theorem theorem1:
  fixes V W :: "'n set" and E T :: "'n \<Rightarrow> 'n \<Rightarrow> bool"
    and G :: "('n \<times> nat) \<Rightarrow> ('n \<times> nat) \<Rightarrow> bool" and t' :: nat
    and M :: "'a measure" and N :: "'n \<times> nat \<Rightarrow> 'b measure" and X :: "'n \<times> nat \<Rightarrow> 'a \<Rightarrow> 'b"
    and A B C :: "'n set"
  assumes "finite V" and "finite W" and "V \<inter> W = {}"
    and "t' \<ge> 1"
    and "proper_pair V W E T t' G"
    and "prob_space M"
    and "\<forall>v\<in>unrolled_nodes V W t'. X v \<in> measurable M (N v)"
    and "dsep_markov M N X (unrolled_nodes V W t') G"
    and "A \<subseteq> V \<union> W" and "C \<subseteq> V \<union> W" and "B \<subseteq> V"
    and "A \<inter> B = {}" and "A \<inter> C = {}" and "B \<inter> C = {}"
    and "A \<inter> tailed_an T B = {}"
    and "delta_sep E A ((tailed_an T B \<inter> V \<inter> C) \<union> B) (C - (tailed_an T B \<inter> V))"
  shows "locally_indep V W M N X A B C t'"
  unfolding locally_indep_def
proof
  fix t assume t: "t \<in> {1..t'}"
  let ?a = "past V W A (t - 1)" and ?b = "{(j, t) | j. j \<in> B}" and ?c = "past V W (B \<union> C) (t - 1)"
  have "1 \<le> t" "t - 1 \<le> t'" using t by auto
  have "d_sep G ?a ?b ?c"
    by (rule time_projection.d_sep_unrolled_past[OF proper_pair_time_projection[OF assms(5)]
          proper_pair_edge_nodes[OF assms(5)] assms(3) \<open>1 \<le> t\<close> assms(12-14,16)])
  moreover have "?a \<subseteq> unrolled_nodes V W t'" "?c \<subseteq> unrolled_nodes V W t'"
    by (rule past_subset_unrolled_nodes[OF \<open>t - 1 \<le> t'\<close>])+
  moreover have "?b \<subseteq> unrolled_nodes V W t'" using t assms(11) by (auto simp: unrolled_nodes_def)
  moreover have "?a \<inter> ?b = {}" using assms(12) by (auto simp: past_def)
  moreover have "?a \<inter> ?c = {}" using assms(12,13) by (auto simp: past_def)
  moreover have "?b \<inter> ?c = {}" using assms(3,11) \<open>1 \<le> t\<close> by (auto simp: past_def)
  ultimately show "cond_indep M N X ?a ?b ?c"
    using assms(8)[unfolded dsep_markov_def, rule_format, of ?a ?b ?c] by simp
qed

end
+---+
If a line contains the string "union", include it in the tally; report the final tally for the whole listing and nothing else.

=== Exercise solution ===
3